ファンタジア






「ねえ、可愛いと思わない?」
 明子の微笑みに、塔矢門下生一同は苦笑しつつ、しかし心底本気で頷いた。
 目の前にいるのは、愛らしく晴れ着で着飾ったアキラ。
 しかしその表情がどこか憮然としているのは、その晴れ着というのが袴ではなく振り袖であるからだろうか。
「私の小さい頃の晴れ着なのよ。いつか女の子ができたらって取っておいたものだけど、アキラさんによく似合うわあ」
 上機嫌でアキラの髪を梳く明子だったが、アキラは先程からじっと口唇を引き締めたまま何も言わない。
 黙ったままのアキラが少々心配になったが、芦原や緒方といった塔矢門下の面々は師匠の奥方の話につき合わざるを得ない。
「本当に可愛いですね。アキラくんは」
「何処から見ても女の子みたいですよ」
 およそアキラ本人にとっては褒め言葉とは受け取れない賛辞を次々に口にし、明子が満足する様を見てほっと安堵の息を漏らす塔矢門下一同。
 そもそも、発端は七五三の話だった。
 通常七五三は、男児は三歳と五歳、女児は三歳と七歳の時に子供の健やかな成長をお祝する儀式である。
 数え年で七歳のアキラにとって、七五三とは過去のイベントであるはずだった。
 しかしそんなことを知らなかった門下生の一人が、研究会終了後に明子が運んで来たお茶と菓子を頬張りながら、アキラの七五三はもう行ったのかを尋ねたことが始まりである。
「男の子には七歳のお祝いはないんですよ。アキラさんは、ちゃんと数えで三歳の時に袴、五歳の時に羽織を着せてお祝いを済ませているんですもの」
「そうなんですかあ。知らなかったなあ、男の子と女の子でお祝いする歳が違うんだあ」
 頭を掻いて恥じる彼のみならず、他の門下生たちもほほうと物珍し気な相槌を打っていた。ここに集まっている門下生たちは十代〜二十代の歳若い棋士(とその卵)たちが多く、子供を持つ年齢でもないため、そんな知識はからっきしな人間ばかりだったからである。
 明子は顎に手を添えて、ふう、とため息をついた。
「袴も羽織もとても可愛らしかったのよね。でも、欲を言えば女の子の振り袖もみたかったわあ」
 塔矢夫妻にはアキラという一人息子しか子供がいない。今になって、女の子も欲しかったわと呟く奥方に、緒方が気を利かせたつもりでこんなことを口走った。
「アキラくんなら振り袖も似合うでしょう。そこらの女の子よりずっと可愛らしいですよ」
 はっとした明子の目がきらりと輝き、それからものの数分と経たない内に奥の間で芦原と対局中だったアキラを引っ張って来て、自分の部屋へと拉致していったのだ。

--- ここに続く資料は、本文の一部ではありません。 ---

(* Let $(X,f)$ be a dynamical system. Then $(X,f)$ is multi-minimal if and only if $(X,f^r)$ is multi-minimal for every $r\in\mathbb{N}$.
   Context: A dynamical system is a pair $(X,f)$ with $X$ a compact metric space and $f:X\to X$ continuous. A system is minimal if it has no proper non-empty closed invariant subset. $(X,f)$ is multi-minimal if for every $n\in\mathbb{N}$ the system $(X^n,f\times f^2\times\dots\times f^n)$ is minimal. *)

theory Defs
  imports "HOL-Analysis.Analysis"
begin

definition dyn_system :: "'a::metric_space set \<Rightarrow> ('a \<Rightarrow> 'a) \<Rightarrow> bool" where
  "dyn_system X f \<longleftrightarrow> compact X \<and> continuous_on X f \<and> f ` X \<subseteq> X"

definition minimal_on :: "'b topology \<Rightarrow> ('b \<Rightarrow> 'b) \<Rightarrow> bool" where
  "minimal_on T g \<longleftrightarrow>
     (\<forall>A. closedin T A \<and> A \<noteq> {} \<and> g ` A \<subseteq> A \<longrightarrow> A = topspace T)"

definition prod_space :: "'a::metric_space set \<Rightarrow> nat \<Rightarrow> (nat \<Rightarrow> 'a) topology" where
  "prod_space X n = product_topology (\<lambda>i. top_of_set X) {1..n}"

definition prod_map :: "('a \<Rightarrow> 'a) \<Rightarrow> nat \<Rightarrow> (nat \<Rightarrow> 'a) \<Rightarrow> (nat \<Rightarrow> 'a)" where
  "prod_map f n = (\<lambda>x. \<lambda>i\<in>{1..n}. (f ^^ i) (x i))"

definition multi_minimal :: "'a::metric_space set \<Rightarrow> ('a \<Rightarrow> 'a) \<Rightarrow> bool" where
  "multi_minimal X f \<longleftrightarrow> (\<forall>n\<ge>1. minimal_on (prod_space X n) (prod_map f n))"

end

theory Submission
  imports Defs
begin

text \<open>For \<open>r \<ge> 1\<close>, the projection of \<open>X^(nr)\<close> onto the coordinates \<open>r, 2r, \<dots>, nr\<close> is a
continuous surjection intertwining \<open>f \<times> f^2 \<times> \<dots> \<times> f^(nr)\<close> with
\<open>f^r \<times> (f^r)^2 \<times> \<dots> \<times> (f^r)^n\<close>. So the product system of \<open>f^r\<close> on \<open>X^n\<close> is a factor of
that of \<open>f\<close> on \<open>X^(nr)\<close>, and a factor of a minimal system is minimal: the preimage of a
closed invariant set is closed and invariant. The converse is the case \<open>r = 1\<close>.\<close>

lemma minimal_on_factor:
  assumes minimal: "minimal_on S g"
    and cont: "continuous_map S T p"
    and onto: "p ` topspace S = topspace T"
    and g_maps: "g ` topspace S \<subseteq> topspace S"
    and intertwine: "\<And>x. x \<in> topspace S \<Longrightarrow> p (g x) = h (p x)"
  shows "minimal_on T h"
  unfolding minimal_on_def
proof (intro allI impI)
  fix A assume A: "closedin T A \<and> A \<noteq> {} \<and> h ` A \<subseteq> A"
  define B where "B = {x \<in> topspace S. p x \<in> A}"
  have "closedin S B"
    unfolding B_def using closedin_continuous_map_preimage[OF cont] A by blast
  moreover have "B \<noteq> {}"
  proof -
    obtain a where "a \<in> A"
      using A by blast
    moreover have "A \<subseteq> p ` topspace S"
      using A closedin_subset onto by blast
    ultimately show ?thesis
      unfolding B_def by blast
  qed
  moreover have "g ` B \<subseteq> B"
    using g_maps intertwine A by (auto simp: B_def)
  ultimately have "B = topspace S"
    using minimal unfolding minimal_on_def by blast
  then have "p ` topspace S \<subseteq> A"
    unfolding B_def by blast
  then have "topspace T \<subseteq> A"
    using onto by simp
  with A closedin_subset show "A = topspace T" by blast
qed

lemma topspace_prod_space: "topspace (prod_space X n) = PiE {1..n} (\<lambda>_. X)"
  by (simp add: prod_space_def)

lemma funpow_image_subset: "f ` X \<subseteq> X \<Longrightarrow> (f ^^ i) ` X \<subseteq> X"
  by (induction i) auto

lemma prod_map_topspace:
  assumes "f ` X \<subseteq> X"
  shows "prod_map f n ` topspace (prod_space X n) \<subseteq> topspace (prod_space X n)"
  using funpow_image_subset[OF assms]
  by (fastforce simp: topspace_prod_space prod_map_def PiE_iff)

definition sample_coords :: "nat \<Rightarrow> nat \<Rightarrow> (nat \<Rightarrow> 'a) \<Rightarrow> (nat \<Rightarrow> 'a)" where
  "sample_coords r n x = (\<lambda>i\<in>{1..n}. x (i * r))"

lemma continuous_map_sample_coords:
  assumes "r \<ge> 1"
  shows "continuous_map (prod_space X (n * r)) (prod_space X n) (sample_coords r n)"
  unfolding prod_space_def continuous_map_componentwise
proof (intro conjI ballI)
  fix i assume i: "i \<in> {1..n}"
  then have "i * r \<in> {1..n * r}"
    using assms by auto
  from continuous_map_product_projection[OF this, of "\<lambda>_. top_of_set X"] i
  show "continuous_map (product_topology (\<lambda>_. top_of_set X) {1..n * r}) (top_of_set X)
          (\<lambda>x. sample_coords r n x i)"
    by (simp add: sample_coords_def)
qed (auto simp: sample_coords_def)

lemma div_round_up_mult:
  fixes i r :: nat
  assumes "r \<ge> 1"
  shows "(i * r + r - 1) div r = i"
proof -
  have "i * r + r - 1 = (r - 1) + i * r"
    using assms by simp
  also have "\<dots> div r = i + (r - 1) div r"
    using assms by (intro div_mult_self1) simp
  finally show ?thesis
    using assms by simp
qed

lemma div_round_up_range:
  fixes j n r :: nat
  assumes "r \<ge> 1" and "j \<in> {1..n * r}"
  shows "(j + r - 1) div r \<in> {1..n}"
proof -
  have "j + r - 1 < (n + 1) * r"
    using assms by auto
  then have "(j + r - 1) div r < n + 1"
    using assms by (simp add: div_less_iff_less_mult)
  moreover have "r div r \<le> (j + r - 1) div r"
    using assms by (intro div_le_mono) auto
  ultimately show ?thesis
    using assms by simp
qed

lemma sample_coords_image:
  assumes "r \<ge> 1"
  shows "sample_coords r n ` topspace (prod_space X (n * r)) = topspace (prod_space X n)"
proof
  show "sample_coords r n ` topspace (prod_space X (n * r)) \<subseteq> topspace (prod_space X n)"
    using assms by (fastforce simp: topspace_prod_space sample_coords_def PiE_iff)
next
  show "topspace (prod_space X n) \<subseteq> sample_coords r n ` topspace (prod_space X (n * r))"
  proof
    fix y assume y: "y \<in> topspace (prod_space X n)"
    define x where "x = (\<lambda>j\<in>{1..n * r}. y ((j + r - 1) div r))"
    have "x \<in> topspace (prod_space X (n * r))"
      using y div_round_up_range[OF assms] by (auto simp: topspace_prod_space x_def PiE_iff)
    moreover have "sample_coords r n x = y"
      using y assms div_round_up_mult[OF assms]
      by (auto simp: sample_coords_def x_def topspace_prod_space PiE_iff extensional_def fun_eq_iff)
    ultimately show "y \<in> sample_coords r n ` topspace (prod_space X (n * r))"
      by blast
  qed
qed

lemma sample_coords_prod_map:
  assumes "r \<ge> 1"
  shows "sample_coords r n (prod_map f (n * r) x) = prod_map (f ^^ r) n (sample_coords r n x)"
proof -
  have "(f ^^ r) ^^ i = f ^^ (i * r)" for i
    by (simp add: funpow_mult mult.commute)
  moreover have "i * r \<in> {1..n * r}" if "i \<in> {1..n}" for i
    using that assms by auto
  ultimately show ?thesis
    by (auto simp: sample_coords_def prod_map_def)
qed

theorem proposition6p2:
  fixes X :: "'a::metric_space set" and f :: "'a \<Rightarrow> 'a"
  assumes "dyn_system X f"
  shows "multi_minimal X f \<longleftrightarrow> (\<forall>r\<ge>1. multi_minimal X (f ^^ r))"
proof
  assume mm: "multi_minimal X f"
  have fX: "f ` X \<subseteq> X"
    using assms by (simp add: dyn_system_def)
  show "\<forall>r\<ge>1. multi_minimal X (f ^^ r)"
    unfolding multi_minimal_def
  proof (intro allI impI)
    fix r n :: nat assume r: "r \<ge> 1" and n: "n \<ge> 1"
    have "minimal_on (prod_space X (n * r)) (prod_map f (n * r))"
      using mm n r by (simp add: multi_minimal_def)
    then show "minimal_on (prod_space X n) (prod_map (f ^^ r) n)"
      by (rule minimal_on_factor[where p = "sample_coords r n",
            OF _ continuous_map_sample_coords[OF r] sample_coords_image[OF r]
            prod_map_topspace[OF fX]])
        (rule sample_coords_prod_map[OF r])
  qed
next
  assume "\<forall>r\<ge>1. multi_minimal X (f ^^ r)"
  from this[rule_format, of 1] show "multi_minimal X f"
    by simp
qed

end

 二十分後、戻って来た明子に手を引かれてやってきたアキラは、それはそれは愛らしい晴れ着を身に纏っていた。
 その姿はお世辞抜きで、緒方の言葉通りそこらの女の子では歯が立たない可愛らしさだった。
 アキラがむっつりとしているので多少魅力が半減しているが、これでにっこりと微笑まれてしまった日には、誰もがこの子の将来をいろいろな意味で期待し、心配したことだろう。
「本当に可愛らしいわ。アキラさんは何を着せても似合うのね」
 にこやかにアキラの振り袖を整える明子にも、アキラは何も答えない。
 芦原はだんだん心配になってきた。アキラが何も言わない時は、大体が機嫌の悪い時である。
 対局で負け続けた時も、最初こそ躍起になって再戦を望むが、そのうち自分自身に腹が立つのか無言になってしまう。そういう時のアキラは、結構タチが悪いことを芦原は知っていた。
「あ、明子さん、アキラくん……帯が苦しいんじゃないかな? そ、そろそろ脱がせてあげたほうが……」
 芦原が何とかアキラに救いの手を差し伸べてあげようとするが、明子はいいえと首を横に振る。
「お写真撮ってからにしましょう! アキラさん、こっちへいらっしゃい」
 いそいそとアキラの手を引く明子と、黙って手を引かれるアキラ。
 その後ろ姿に子供ながら哀愁が漂い、芦原ははらはらと二人の様子を見守った。


 ようやく明子がアキラを解放し、元通りの男の子らしい服装に戻ったのは一時間後。
 芦原は対局が途中だったこともあって、アキラが戻って来るのを待っていた。
 アキラは浮かない顔をしていた。むすっとしているというより、落胆の表情であるといったほうがより近い表現である気がした。
「アキラくん……、お疲れさま……」
 思わず七歳も年下のアキラにそんなことを言ってしまうほど、アキラは疲れた顔をしていた。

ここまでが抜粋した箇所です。